---------- RECORDS SUPPLIED
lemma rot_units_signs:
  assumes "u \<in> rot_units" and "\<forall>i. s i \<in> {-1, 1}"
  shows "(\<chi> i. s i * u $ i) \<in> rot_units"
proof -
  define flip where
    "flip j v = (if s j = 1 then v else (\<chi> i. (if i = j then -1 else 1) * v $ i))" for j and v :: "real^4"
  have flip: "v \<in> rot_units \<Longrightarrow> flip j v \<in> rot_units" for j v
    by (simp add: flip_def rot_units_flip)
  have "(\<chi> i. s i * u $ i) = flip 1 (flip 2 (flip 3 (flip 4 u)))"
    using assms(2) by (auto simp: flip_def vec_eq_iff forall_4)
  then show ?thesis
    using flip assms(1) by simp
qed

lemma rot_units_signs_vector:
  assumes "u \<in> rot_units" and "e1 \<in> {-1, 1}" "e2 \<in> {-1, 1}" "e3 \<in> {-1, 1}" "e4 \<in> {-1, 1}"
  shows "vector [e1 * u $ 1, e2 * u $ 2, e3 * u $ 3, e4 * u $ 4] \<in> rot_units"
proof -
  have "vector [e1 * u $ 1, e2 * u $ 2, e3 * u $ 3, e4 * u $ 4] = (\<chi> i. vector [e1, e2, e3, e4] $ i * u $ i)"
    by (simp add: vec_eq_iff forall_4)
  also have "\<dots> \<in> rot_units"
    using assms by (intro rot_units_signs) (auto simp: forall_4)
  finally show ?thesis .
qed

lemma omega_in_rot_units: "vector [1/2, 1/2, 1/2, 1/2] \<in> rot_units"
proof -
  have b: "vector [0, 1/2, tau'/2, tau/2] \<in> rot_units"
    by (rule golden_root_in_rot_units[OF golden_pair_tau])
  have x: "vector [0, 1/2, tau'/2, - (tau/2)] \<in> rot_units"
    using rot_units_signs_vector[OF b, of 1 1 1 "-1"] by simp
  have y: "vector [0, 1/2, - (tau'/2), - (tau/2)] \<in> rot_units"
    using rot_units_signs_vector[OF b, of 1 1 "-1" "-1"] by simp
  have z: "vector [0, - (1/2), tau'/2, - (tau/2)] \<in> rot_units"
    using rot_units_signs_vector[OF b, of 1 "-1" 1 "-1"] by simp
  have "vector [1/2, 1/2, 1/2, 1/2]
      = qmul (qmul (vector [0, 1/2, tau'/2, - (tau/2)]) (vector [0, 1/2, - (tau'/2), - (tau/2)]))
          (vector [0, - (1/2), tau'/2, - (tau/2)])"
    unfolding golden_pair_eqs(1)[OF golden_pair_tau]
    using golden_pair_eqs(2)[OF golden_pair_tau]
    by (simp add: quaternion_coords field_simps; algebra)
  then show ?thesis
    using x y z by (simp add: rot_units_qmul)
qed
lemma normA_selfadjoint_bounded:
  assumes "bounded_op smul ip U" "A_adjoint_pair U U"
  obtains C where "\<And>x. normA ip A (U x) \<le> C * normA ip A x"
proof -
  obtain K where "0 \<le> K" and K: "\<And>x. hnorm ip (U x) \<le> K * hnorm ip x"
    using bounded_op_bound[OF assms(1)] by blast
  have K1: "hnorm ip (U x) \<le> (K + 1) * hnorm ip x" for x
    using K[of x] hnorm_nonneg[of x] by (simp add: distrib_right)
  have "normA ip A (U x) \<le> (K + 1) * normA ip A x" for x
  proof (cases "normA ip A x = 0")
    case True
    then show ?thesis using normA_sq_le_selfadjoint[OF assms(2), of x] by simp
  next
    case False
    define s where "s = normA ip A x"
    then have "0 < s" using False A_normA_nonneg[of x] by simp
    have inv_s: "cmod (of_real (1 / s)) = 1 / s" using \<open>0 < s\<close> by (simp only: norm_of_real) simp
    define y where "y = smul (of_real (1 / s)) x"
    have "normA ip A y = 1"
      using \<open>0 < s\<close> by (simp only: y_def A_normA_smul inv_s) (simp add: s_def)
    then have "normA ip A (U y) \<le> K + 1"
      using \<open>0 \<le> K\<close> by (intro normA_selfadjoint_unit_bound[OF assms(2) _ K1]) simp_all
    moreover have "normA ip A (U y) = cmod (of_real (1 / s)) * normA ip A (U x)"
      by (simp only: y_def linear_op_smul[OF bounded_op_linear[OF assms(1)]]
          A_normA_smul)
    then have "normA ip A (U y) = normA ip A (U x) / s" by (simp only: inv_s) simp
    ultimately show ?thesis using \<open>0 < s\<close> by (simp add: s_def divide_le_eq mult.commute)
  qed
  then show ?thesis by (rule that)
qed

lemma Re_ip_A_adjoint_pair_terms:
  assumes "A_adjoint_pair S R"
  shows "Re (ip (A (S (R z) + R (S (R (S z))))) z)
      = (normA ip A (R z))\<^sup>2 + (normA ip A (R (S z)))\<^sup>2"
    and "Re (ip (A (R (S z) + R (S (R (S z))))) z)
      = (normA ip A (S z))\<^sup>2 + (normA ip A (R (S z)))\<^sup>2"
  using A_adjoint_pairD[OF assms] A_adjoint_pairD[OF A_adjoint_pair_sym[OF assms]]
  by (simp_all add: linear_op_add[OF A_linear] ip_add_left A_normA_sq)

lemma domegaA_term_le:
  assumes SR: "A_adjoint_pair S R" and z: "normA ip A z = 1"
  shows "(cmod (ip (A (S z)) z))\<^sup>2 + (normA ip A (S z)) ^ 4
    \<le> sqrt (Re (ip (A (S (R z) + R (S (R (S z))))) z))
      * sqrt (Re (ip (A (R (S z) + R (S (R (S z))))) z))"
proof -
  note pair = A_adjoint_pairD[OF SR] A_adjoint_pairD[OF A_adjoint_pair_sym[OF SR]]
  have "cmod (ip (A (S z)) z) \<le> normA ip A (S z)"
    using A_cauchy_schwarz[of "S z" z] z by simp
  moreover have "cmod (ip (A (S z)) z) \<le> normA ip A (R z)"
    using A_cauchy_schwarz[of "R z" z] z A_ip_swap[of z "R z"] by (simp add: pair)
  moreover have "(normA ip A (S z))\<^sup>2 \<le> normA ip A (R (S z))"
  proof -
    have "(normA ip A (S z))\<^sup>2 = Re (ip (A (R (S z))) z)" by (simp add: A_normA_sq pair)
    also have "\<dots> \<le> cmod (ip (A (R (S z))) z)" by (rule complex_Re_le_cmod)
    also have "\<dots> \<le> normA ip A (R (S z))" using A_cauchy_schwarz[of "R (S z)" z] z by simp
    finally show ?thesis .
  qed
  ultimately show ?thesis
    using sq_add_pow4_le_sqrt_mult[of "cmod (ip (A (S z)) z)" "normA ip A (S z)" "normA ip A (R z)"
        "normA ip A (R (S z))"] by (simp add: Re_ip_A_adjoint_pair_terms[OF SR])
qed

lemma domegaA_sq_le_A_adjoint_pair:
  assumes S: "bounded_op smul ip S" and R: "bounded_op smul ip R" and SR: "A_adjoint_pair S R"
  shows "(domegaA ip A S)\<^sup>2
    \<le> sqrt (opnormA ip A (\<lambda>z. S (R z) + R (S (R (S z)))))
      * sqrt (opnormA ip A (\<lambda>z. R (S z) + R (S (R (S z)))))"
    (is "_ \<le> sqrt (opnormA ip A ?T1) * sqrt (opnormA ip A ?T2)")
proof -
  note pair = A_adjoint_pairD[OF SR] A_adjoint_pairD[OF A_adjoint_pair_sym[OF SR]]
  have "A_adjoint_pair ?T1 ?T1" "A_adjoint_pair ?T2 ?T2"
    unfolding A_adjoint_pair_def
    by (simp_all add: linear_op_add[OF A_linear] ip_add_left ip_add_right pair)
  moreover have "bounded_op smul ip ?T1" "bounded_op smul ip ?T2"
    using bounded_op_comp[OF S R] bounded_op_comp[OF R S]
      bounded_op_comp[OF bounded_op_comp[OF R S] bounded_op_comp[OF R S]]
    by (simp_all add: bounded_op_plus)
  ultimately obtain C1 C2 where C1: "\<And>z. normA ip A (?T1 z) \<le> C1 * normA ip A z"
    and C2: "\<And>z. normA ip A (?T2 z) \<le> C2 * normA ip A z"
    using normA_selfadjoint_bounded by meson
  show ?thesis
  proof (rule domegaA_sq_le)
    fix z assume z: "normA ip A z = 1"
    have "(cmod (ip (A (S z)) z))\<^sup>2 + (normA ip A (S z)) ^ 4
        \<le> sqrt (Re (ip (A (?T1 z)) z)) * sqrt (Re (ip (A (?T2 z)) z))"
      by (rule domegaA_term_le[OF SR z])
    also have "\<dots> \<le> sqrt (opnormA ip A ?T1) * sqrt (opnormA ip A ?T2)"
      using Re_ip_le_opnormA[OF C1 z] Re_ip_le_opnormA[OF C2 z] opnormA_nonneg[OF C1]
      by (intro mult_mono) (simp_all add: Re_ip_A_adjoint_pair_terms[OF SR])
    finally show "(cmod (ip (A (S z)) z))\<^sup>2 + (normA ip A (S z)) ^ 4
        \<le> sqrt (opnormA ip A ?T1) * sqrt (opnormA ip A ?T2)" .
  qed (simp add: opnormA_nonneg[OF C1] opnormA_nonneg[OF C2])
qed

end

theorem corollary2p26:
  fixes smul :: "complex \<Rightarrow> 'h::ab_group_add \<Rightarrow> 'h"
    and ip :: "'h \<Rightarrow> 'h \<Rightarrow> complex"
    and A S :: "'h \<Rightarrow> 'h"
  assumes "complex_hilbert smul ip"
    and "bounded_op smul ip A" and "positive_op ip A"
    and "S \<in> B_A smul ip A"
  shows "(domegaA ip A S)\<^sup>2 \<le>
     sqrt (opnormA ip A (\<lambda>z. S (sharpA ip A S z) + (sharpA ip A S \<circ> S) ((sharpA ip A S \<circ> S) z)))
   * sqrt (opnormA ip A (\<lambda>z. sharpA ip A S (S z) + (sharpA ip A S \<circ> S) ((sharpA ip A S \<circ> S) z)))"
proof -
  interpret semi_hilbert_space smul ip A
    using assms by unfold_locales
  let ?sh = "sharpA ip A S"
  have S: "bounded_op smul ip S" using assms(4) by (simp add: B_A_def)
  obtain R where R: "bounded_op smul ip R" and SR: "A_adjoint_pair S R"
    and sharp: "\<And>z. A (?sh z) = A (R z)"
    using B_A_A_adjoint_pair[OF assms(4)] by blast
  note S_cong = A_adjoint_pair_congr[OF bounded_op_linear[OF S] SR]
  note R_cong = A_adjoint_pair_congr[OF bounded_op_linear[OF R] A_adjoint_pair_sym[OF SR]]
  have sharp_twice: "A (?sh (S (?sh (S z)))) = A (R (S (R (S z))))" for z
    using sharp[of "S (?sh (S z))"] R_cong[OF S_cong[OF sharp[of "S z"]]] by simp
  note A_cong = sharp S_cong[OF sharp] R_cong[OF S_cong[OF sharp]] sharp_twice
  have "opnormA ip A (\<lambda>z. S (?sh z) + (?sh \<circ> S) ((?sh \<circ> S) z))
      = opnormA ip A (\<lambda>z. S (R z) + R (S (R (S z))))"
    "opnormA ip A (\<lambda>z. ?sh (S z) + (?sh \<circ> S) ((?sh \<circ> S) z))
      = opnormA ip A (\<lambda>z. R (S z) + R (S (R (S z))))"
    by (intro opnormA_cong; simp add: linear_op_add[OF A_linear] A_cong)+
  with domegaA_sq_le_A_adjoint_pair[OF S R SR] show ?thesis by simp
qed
--------------------
---------- RECORDS SUPPLIED
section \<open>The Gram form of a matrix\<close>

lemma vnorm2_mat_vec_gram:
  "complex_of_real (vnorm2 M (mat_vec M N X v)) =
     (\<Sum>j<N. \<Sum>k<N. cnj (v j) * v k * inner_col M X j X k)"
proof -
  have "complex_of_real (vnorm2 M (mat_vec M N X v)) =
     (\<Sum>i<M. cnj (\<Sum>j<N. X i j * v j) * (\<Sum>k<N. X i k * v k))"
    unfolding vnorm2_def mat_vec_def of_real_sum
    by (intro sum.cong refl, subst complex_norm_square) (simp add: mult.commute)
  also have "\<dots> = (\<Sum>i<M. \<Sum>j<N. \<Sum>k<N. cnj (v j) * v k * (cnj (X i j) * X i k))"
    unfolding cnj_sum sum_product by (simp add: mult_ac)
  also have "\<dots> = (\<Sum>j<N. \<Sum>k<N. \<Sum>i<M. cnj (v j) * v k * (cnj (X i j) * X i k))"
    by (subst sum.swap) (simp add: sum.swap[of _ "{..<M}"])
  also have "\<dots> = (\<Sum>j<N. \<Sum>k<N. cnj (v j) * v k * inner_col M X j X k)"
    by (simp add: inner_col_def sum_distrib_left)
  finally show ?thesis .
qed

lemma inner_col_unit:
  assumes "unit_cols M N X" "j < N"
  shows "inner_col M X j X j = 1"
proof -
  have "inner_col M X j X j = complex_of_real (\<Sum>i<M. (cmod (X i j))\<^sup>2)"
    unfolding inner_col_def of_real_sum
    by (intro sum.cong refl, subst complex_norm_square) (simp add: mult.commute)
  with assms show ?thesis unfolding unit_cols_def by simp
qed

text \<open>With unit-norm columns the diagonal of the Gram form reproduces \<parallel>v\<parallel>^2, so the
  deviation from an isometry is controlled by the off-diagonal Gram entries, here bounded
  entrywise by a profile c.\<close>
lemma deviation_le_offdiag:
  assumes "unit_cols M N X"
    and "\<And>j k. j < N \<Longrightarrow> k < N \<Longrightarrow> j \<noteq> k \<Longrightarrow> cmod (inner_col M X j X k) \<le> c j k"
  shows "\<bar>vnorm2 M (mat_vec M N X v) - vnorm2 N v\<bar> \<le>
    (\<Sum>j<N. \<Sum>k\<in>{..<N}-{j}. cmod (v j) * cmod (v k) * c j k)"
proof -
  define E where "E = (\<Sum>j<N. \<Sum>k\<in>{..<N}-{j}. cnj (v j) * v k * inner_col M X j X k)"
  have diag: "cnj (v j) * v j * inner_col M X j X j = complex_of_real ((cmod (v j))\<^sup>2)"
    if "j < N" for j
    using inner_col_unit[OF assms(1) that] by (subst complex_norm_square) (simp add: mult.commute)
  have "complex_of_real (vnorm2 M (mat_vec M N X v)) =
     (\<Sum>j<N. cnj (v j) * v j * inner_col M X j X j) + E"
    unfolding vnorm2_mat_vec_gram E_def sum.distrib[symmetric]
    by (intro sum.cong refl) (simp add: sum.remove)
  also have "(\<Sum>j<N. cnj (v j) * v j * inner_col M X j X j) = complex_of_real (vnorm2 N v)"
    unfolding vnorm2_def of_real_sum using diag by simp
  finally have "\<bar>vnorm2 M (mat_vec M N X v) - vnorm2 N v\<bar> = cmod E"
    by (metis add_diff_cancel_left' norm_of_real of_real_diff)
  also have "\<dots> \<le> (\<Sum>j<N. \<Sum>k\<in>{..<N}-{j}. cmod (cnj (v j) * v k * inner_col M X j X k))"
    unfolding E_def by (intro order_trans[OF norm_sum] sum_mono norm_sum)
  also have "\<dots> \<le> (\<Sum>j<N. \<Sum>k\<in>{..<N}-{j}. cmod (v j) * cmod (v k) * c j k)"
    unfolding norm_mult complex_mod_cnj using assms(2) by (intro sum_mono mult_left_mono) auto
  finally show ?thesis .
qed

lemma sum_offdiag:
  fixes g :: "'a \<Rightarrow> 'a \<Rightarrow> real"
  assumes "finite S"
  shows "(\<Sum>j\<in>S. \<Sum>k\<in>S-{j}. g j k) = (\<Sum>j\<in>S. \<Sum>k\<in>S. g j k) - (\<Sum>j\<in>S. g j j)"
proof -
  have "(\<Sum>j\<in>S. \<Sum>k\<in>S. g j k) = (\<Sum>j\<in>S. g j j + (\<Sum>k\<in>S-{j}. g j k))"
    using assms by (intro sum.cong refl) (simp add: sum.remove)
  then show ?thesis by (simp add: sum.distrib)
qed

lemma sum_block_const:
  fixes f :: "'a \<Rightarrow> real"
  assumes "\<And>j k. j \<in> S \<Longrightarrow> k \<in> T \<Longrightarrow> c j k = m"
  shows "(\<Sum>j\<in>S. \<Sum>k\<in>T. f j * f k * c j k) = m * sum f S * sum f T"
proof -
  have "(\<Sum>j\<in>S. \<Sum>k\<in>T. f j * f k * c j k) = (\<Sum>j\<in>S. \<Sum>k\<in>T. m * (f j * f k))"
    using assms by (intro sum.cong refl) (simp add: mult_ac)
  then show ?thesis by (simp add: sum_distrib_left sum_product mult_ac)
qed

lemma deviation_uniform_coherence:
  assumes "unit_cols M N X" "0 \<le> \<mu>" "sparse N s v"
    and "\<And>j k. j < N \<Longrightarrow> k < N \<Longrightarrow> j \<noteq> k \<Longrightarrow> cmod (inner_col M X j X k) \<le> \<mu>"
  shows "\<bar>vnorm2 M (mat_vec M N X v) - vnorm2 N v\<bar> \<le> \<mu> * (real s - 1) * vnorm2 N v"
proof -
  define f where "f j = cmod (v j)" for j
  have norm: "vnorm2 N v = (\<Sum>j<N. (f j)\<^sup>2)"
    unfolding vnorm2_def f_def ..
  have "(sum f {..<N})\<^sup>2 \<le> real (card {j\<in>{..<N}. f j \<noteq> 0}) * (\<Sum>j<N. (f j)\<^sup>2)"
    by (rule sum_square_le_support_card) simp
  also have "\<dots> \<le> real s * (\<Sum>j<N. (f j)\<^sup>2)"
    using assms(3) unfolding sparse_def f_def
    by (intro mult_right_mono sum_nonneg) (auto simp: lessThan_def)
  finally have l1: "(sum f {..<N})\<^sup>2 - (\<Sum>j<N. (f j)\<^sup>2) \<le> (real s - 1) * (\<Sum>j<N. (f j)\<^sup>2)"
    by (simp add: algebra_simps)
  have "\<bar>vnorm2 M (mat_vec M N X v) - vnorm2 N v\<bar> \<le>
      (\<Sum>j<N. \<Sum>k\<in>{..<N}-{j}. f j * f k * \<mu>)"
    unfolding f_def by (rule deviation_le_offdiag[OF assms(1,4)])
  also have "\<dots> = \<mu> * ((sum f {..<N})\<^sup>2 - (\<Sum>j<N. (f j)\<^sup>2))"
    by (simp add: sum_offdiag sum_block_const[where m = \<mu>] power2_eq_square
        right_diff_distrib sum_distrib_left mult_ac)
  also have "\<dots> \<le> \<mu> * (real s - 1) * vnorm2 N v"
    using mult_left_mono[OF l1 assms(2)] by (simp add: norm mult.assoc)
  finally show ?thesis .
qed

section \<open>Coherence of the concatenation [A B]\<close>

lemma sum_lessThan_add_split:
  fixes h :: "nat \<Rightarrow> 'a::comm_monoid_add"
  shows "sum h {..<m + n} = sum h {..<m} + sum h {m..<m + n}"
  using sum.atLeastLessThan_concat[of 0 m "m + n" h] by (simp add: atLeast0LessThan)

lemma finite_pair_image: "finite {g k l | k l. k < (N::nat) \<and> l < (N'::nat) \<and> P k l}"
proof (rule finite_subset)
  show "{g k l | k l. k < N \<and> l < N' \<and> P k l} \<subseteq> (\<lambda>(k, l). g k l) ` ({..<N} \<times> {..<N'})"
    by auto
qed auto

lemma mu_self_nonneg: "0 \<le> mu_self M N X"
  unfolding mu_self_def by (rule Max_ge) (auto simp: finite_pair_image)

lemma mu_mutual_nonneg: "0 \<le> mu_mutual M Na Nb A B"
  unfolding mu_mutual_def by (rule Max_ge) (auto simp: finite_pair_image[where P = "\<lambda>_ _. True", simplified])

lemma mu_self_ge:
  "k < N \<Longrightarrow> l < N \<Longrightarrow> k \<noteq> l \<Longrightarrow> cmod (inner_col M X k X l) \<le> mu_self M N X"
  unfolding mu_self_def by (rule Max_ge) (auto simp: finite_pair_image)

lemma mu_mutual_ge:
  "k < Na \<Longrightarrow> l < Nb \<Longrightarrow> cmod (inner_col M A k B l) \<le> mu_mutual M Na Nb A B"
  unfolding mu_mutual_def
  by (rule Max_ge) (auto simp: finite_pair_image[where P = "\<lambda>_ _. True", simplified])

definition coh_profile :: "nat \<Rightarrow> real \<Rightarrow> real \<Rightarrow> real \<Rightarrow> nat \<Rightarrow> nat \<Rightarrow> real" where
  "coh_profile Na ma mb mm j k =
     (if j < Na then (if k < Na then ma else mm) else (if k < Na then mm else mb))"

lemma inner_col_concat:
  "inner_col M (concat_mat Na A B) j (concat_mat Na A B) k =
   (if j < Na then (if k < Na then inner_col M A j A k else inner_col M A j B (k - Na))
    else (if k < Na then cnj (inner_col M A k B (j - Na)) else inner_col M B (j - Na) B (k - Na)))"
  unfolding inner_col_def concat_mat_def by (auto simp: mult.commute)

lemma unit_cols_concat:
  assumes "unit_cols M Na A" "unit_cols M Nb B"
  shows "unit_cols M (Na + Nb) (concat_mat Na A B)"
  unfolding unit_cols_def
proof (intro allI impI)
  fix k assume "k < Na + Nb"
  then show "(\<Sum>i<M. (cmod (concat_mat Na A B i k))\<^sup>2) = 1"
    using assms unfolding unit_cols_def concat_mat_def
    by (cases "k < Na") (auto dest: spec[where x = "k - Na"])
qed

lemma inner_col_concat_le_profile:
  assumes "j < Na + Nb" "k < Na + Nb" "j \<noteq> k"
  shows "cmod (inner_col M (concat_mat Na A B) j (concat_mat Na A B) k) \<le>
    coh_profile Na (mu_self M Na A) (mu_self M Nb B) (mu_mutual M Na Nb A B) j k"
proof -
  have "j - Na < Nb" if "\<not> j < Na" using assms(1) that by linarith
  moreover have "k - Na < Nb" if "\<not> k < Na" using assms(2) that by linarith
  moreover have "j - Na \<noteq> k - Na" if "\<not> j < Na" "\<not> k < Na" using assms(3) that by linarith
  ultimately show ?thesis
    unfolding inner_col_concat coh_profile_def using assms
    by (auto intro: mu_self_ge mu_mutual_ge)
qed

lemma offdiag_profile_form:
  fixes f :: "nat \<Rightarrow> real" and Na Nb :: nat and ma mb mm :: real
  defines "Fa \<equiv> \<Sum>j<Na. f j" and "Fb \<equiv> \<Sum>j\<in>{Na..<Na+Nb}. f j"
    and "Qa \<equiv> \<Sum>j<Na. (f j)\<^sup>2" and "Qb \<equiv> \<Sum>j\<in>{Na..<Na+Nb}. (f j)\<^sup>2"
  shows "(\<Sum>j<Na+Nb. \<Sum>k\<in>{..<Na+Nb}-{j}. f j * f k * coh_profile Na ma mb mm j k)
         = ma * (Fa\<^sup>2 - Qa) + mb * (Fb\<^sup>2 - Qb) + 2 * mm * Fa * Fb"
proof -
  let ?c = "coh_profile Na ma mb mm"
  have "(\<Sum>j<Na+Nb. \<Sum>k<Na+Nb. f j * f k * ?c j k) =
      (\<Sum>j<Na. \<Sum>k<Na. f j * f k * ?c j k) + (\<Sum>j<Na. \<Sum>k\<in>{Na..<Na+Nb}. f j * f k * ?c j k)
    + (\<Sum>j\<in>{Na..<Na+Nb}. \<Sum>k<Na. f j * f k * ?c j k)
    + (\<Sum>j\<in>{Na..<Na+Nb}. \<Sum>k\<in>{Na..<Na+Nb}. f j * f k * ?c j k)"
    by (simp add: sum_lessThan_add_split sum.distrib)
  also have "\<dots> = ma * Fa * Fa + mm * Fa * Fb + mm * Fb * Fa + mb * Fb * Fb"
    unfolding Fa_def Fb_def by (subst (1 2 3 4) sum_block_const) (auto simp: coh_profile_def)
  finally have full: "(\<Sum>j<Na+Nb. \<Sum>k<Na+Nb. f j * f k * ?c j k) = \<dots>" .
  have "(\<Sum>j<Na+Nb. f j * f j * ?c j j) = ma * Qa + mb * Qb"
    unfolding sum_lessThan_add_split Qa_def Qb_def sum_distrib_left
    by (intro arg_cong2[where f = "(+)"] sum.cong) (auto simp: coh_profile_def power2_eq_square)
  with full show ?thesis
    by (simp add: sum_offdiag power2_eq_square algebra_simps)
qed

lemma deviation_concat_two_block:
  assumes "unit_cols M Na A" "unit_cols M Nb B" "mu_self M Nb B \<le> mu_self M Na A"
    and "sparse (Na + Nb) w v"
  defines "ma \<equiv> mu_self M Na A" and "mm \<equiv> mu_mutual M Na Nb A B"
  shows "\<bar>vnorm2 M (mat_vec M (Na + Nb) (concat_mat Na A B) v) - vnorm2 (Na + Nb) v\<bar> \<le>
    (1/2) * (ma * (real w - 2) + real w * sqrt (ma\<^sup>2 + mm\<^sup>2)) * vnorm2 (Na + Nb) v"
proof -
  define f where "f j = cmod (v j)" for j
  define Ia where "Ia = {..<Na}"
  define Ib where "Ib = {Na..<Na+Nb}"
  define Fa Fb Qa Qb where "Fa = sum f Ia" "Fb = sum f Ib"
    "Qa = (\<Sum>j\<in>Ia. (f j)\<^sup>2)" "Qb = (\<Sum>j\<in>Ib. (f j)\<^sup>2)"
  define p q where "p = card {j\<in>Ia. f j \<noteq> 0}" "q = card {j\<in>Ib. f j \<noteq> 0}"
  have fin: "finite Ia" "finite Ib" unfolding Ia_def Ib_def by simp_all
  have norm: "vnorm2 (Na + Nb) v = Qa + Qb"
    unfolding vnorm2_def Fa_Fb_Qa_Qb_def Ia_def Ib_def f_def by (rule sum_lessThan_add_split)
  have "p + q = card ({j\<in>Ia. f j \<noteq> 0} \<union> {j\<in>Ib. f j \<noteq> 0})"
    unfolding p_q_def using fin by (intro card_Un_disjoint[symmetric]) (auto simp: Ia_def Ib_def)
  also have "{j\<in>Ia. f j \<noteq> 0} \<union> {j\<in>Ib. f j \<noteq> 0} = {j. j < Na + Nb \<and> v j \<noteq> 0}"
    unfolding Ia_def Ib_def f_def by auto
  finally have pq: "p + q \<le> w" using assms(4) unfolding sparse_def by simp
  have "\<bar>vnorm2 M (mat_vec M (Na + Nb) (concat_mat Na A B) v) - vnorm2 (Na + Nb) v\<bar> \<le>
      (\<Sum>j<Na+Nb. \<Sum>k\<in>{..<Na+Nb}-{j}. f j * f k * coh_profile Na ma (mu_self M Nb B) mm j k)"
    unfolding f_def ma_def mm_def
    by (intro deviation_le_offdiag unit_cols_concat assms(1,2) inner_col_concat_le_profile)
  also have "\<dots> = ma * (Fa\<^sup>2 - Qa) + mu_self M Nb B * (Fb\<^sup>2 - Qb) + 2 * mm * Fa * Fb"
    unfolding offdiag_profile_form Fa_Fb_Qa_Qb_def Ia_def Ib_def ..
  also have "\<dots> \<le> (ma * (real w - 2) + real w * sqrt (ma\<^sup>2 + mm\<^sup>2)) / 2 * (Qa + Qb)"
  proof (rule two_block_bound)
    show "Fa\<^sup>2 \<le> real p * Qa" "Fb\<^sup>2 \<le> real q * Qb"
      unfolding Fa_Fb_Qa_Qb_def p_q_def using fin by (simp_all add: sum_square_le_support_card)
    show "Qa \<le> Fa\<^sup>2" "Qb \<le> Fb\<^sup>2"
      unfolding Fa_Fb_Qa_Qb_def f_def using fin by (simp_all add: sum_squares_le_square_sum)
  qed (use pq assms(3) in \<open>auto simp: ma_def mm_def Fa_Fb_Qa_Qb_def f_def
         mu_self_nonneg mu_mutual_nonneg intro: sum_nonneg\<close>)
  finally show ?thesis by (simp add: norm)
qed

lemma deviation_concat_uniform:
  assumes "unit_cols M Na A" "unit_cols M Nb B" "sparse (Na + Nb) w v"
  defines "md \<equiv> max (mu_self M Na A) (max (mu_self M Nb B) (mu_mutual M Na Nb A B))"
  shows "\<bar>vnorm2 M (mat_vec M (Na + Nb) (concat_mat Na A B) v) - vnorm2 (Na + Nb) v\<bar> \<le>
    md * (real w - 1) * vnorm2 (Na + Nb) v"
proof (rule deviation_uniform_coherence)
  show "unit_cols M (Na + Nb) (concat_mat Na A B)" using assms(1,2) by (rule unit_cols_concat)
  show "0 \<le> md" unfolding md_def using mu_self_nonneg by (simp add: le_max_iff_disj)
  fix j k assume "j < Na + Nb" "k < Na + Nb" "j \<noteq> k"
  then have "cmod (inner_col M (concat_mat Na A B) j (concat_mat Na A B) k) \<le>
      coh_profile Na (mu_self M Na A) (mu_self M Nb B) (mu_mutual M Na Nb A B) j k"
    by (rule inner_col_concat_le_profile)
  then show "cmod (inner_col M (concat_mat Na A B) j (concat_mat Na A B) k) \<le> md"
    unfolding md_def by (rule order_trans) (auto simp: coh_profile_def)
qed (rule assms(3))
--------------------
• [ASSIGNMENT]: Using the data above, transcribe the lines that run from the line with "unfolding cnj_sum sum_product" to the line with "X k) \<le> c", both ends kept, and output nothing else.

• [WRITTEN ANSWER]:
    unfolding cnj_sum sum_product by (simp add: mult_ac)
  also have "\<dots> = (\<Sum>j<N. \<Sum>k<N. \<Sum>i<M. cnj (v j) * v k * (cnj (X i j) * X i k))"
    by (subst sum.swap) (simp add: sum.swap[of _ "{..<M}"])
  also have "\<dots> = (\<Sum>j<N. \<Sum>k<N. cnj (v j) * v k * inner_col M X j X k)"
    by (simp add: inner_col_def sum_distrib_left)
  finally show ?thesis .
qed

lemma inner_col_unit:
  assumes "unit_cols M N X" "j < N"
  shows "inner_col M X j X j = 1"
proof -
  have "inner_col M X j X j = complex_of_real (\<Sum>i<M. (cmod (X i j))\<^sup>2)"
    unfolding inner_col_def of_real_sum
    by (intro sum.cong refl, subst complex_norm_square) (simp add: mult.commute)
  with assms show ?thesis unfolding unit_cols_def by simp
qed

text \<open>With unit-norm columns the diagonal of the Gram form reproduces \<parallel>v\<parallel>^2, so the
  deviation from an isometry is controlled by the off-diagonal Gram entries, here bounded
  entrywise by a profile c.\<close>
lemma deviation_le_offdiag:
  assumes "unit_cols M N X"
    and "\<And>j k. j < N \<Longrightarrow> k < N \<Longrightarrow> j \<noteq> k \<Longrightarrow> cmod (inner_col M X j X k) \<le> c j k"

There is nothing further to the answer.